The only thing is Radio

Russia can't ban that
In the case of the BBC, they simply turned off access to the website, but they can't just turn off a station on another continent. However, the Russians might begin jamming signals (hopefully they don't).
Now Russia is blocking the BBC and VOA web sites, as well as Facebook. And with the new law making it a crime punishable by 15 years in prison to broadcast or publish anything the Russian government decides is "fake news", pretty much all foreign and independent media is going to disappear from the country.
Yikes. Not suprising, but definitely despicable. It's like they're copying North Korea's playbook
As for the usefulness of the BBC trying to beam news and info into Ukraine via SW, even if one resident in an apartment block has a SW radio (or MW radio), the word would get out to other people in the apartment block or neighborhood. There are still a lot of Soviet era transistor sets in that part of the world.

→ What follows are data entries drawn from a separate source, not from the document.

lemma sum_pairing_nonneg_if_cone:
  fixes a b x y :: "'i \<Rightarrow> real" and s :: real
  assumes "finite I" "0 < s"
    and pair: "\<And>k l. k \<in> I \<Longrightarrow> l \<in> I \<Longrightarrow> (b k - b l) * s \<le> a k + a l"
    and cone: "\<And>j. j \<in> I \<Longrightarrow> \<bar>y j\<bar> \<le> x j * s"
    and balanced: "(\<Sum>j\<in>I. y j) = 0"
  shows "0 \<le> (\<Sum>j\<in>I. a j * x j - b j * y j)"
proof (cases "I = {}")
  case True thus ?thesis by simp
next
  case False
  \<comment> \<open>Since the y j sum to zero, b may be shifted by a constant C; pick C with
      \<bar>b j - C\<bar> * s \<le> a j for every j.\<close>
  define C where "C = Max ((\<lambda>k. b k - a k / s) ` I)"
  have "C \<in> (\<lambda>k. b k - a k / s) ` I" unfolding C_def using assms(1) False by (intro Max_in) auto
  then obtain k0 where k0: "k0 \<in> I" "C = b k0 - a k0 / s" by blast
  have "\<bar>b j - C\<bar> * s \<le> a j" if j: "j \<in> I" for j
  proof -
    have "b j - a j / s \<le> C" unfolding C_def using j assms(1) by (intro Max_ge) auto
    moreover have "C \<le> b j + a j / s" using pair[OF k0(1) j] k0(2) assms(2)
      by (simp add: field_simps)
    ultimately have "(b j - C) * s \<le> a j" "(C - b j) * s \<le> a j"
      using assms(2) by (simp_all add: field_simps)
    thus ?thesis by (cases "b j \<ge> C") (simp_all add: abs_if algebra_simps)
  qed
  hence "(b j - C) * y j \<le> a j * x j" if "j \<in> I" for j
    using mult_le_mult_of_cone_bounds[OF assms(2) cone] that by blast
  hence "0 \<le> (\<Sum>j\<in>I. a j * x j - (b j - C) * y j)" by (intro sum_nonneg) auto
  also have "\<dots> = (\<Sum>j\<in>I. a j * x j - b j * y j) + C * (\<Sum>j\<in>I. y j)"
    by (simp add: sum_subtractf sum.distrib sum_distrib_left algebra_simps)
  finally show ?thesis using balanced by simp
qed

Exactly. People haven't entirely forgotten.
 
Another factor is that during the Soviet era, all school children in Eastern Bloc countries were required to learn Russian as a second language. My mother, who grew up in Slovakia, still complains about how they were forced to study Russian in school -- although she says the teacher wasn't too happy about it either, so during tests he would leave the room, allowing the students to share the answers.